(* Let $\mathsf Y=\mathsf Y_1\times\cdots\times\mathsf Y_L$ be a product of Euclidean spaces and let $S:\mathsf Y\to\mathsf Y$ be a firmly non-expansive operator with domain $\mathsf Y$, written $S(\zeta)=(S_1(\zeta),\dots,S_L(\zeta))$ with $S_\ell(\zeta)\in\mathsf Y_\ell$. For $\ell=1,\dots,L$ define $\hat S_\ell:\mathsf Y\to\mathsf Y$ by $$\hat S_\ell(\zeta)=(\zeta_1,\dots,\zeta_{\ell-1},S_\ell(\zeta),\zeta_{\ell+1},\dots,\zeta_L).$$ Let $(\xi^k)_{k\ge1}$ be i.i.d. random variables on a probability space, valued in $\{1,\dots,L\}$, with $\mathbb P[\xi^1=\ell]=p_\ell>0$ for all $\ell$. Assume the fixed point set $\mathrm{fix}(S)$ is nonempty. Then for any initial value $\zeta^0\in\mathsf Y$, the sequence $\zeta^{k+1}=\hat S_{\xi^{k+1}}(\zeta^k)$ converges almost surely to a random variable taking values in $\mathrm{fix}(S)$.
   Context: An operator $S$ on a Euclidean space $\mathsf Y$ is firmly non-expansive if $\langle x-x',S(x)-S(x')\rangle\ge\|S(x)-S(x')\|^2$ for all $x,x'$ (in particular it is single valued). $\mathrm{fix}(S)=\{\zeta:S(\zeta)=\zeta\}$. *)

theory Defs
  imports "HOL-Analysis.Analysis" "HOL-Probability.Probability"
begin

text \<open>The product space Y = Y_1 x ... x Y_L: blocks are indexed by a finite type 'i
  (L = CARD('i)); block l is the Euclidean space Y_l, modelled as a linear subspace
  V l of a Euclidean space 'a.  Elements of Y are vectors z :: 'a^'i with z$l in V l;
  the inner product on 'a^'i is the sum of the blockwise inner products.\<close>

definition prod_space :: "('i::finite \<Rightarrow> ('a::euclidean_space) set) \<Rightarrow> ('a^'i) set" where
  "prod_space V = {z. \<forall>l. z $ l \<in> V l}"

definition firmly_nonexpansive_on :: "'b::real_inner set \<Rightarrow> ('b \<Rightarrow> 'b) \<Rightarrow> bool" where
  "firmly_nonexpansive_on Y S \<longleftrightarrow>
     (\<forall>x\<in>Y. \<forall>x'\<in>Y. inner (x - x') (S x - S x') \<ge> (norm (S x - S x'))\<^sup>2)"

definition fixset :: "'b set \<Rightarrow> ('b \<Rightarrow> 'b) \<Rightarrow> 'b set" where
  "fixset Y S = {z\<in>Y. S z = z}"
---------------
**WHAT YOU NEED TO DO:** From the data, list each line in which the string "definition" appears.

**RESULT FOR THIS TASK:**
definition prod_space :: "('i::finite \<Rightarrow> ('a::euclidean_space) set) \<Rightarrow> ('a^'i) set" where
definition firmly_nonexpansive_on :: "'b::real_inner set \<Rightarrow> ('b \<Rightarrow> 'b) \<Rightarrow> bool" where
definition fixset :: "'b set \<Rightarrow> ('b \<Rightarrow> 'b) \<Rightarrow> 'b set" where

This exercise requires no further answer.